Overview
- Status: Operational
- Owner: Indian Railways
- Locale: Gujarat
- Termini: Wankaner Junction; Surendranagar;

Service
- Operator: Western Railway

History
- Opened: 1890

Technical
- Track length: 74 km (46 mi)
- Number of tracks: 2
- Track gauge: 5 ft 6 in (1,676 mm) broad gauge

= Wankaner–Surendra Nagar section =

Railway line in India

The Wankaner–Surendranagar section belongs to Western Railway of Rajkot Division in Gujarat State.

==History==
Sir Lakhdiraji, who ruled from 1922 until 1948. Sir Lakhdiraji acted as a ruler, manager, patron and policeman of the state with great authority.

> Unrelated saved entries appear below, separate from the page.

lemma card_points_in_span_singleton:
  fixes u :: "'a::{field,finite}^'n"
  shows "card {P \<in> proj_points. P \<subseteq> vec.span {u}} \<le> 1"
proof -
  have "{P \<in> proj_points. P \<subseteq> vec.span {u}} \<subseteq> {vec.span {u}}"
  proof
    fix P assume P: "P \<in> {P \<in> proj_points. P \<subseteq> vec.span {u}}"
    then obtain x where x: "x \<noteq> 0" "P = vec.span {x}" by (blast elim: proj_pointE)
    then have "x \<in> vec.span {u}" using P vec.span_base[of x "{x}"] by blast
    then obtain c where c: "x = c *s u" by (auto simp: vec.span_singleton)
    with x have "c \<noteq> 0" by auto
    with x c show "P \<in> {vec.span {u}}" by (simp add: span_singleton_scale)
  qed
  then have "card {P \<in> proj_points. P \<subseteq> vec.span {u}} \<le> card {vec.span {u}}"
    by (rule card_mono[rotated]) simp
  then show ?thesis by simp
qed

lemma proj_point_in_span_pair:
  fixes u v :: "'a::field^'n"
  assumes "P \<in> proj_points" "P \<subseteq> vec.span {u, v}"
  shows "P = vec.span {v} \<or> (\<exists>t. P = vec.span {u + t *s v})"
proof -
  obtain x where x: "x \<noteq> 0" "P = vec.span {x}"
    using assms(1) by (blast elim: proj_pointE)
  then have "x \<in> vec.span {u, v}" using assms(2) vec.span_base[of x "{x}"] by blast
  then obtain a where "x - a *s u \<in> vec.span {v}" using vec.span_breakdown_eq by blast
  then obtain b where "x - a *s u = b *s v" using vec.span_singleton by auto
  then have xab: "x = a *s u + b *s v" by (simp add: algebra_simps)
  show ?thesis
  proof (cases "a = 0")
    case True
    with xab have "x = b *s v" by simp
    with x have "P = vec.span {v}" by (metis span_singleton_scale vector_smult_lzero)
    then show ?thesis by simp
  next
    case False
    then have "x = a *s (u + (b / a) *s v)" using xab by (simp add: vector_add_ldistrib)
    then have "P = vec.span {u + (b / a) *s v}" using x(2) False by (simp add: span_singleton_scale)
    then show ?thesis by blast
  qed
qed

Sir Lakhdiraji, like other contemporary rulers of Saurashtra, built roads and a railway network (of seventy miles), connecting Wadhwan and Morbi. Surendranagar–Rajkot section was laid in 1890. Gauge conversion of Viramgam–Hapa section via Surendranagar, Wankaner was completed by 1980. Morvi State Railway was merged into the Western Railway on 5 November 1951.

==Freight==
About 26 trains pass through this section daily.

== Doubling ==
Doubling work on this section is completed in Feb 2023.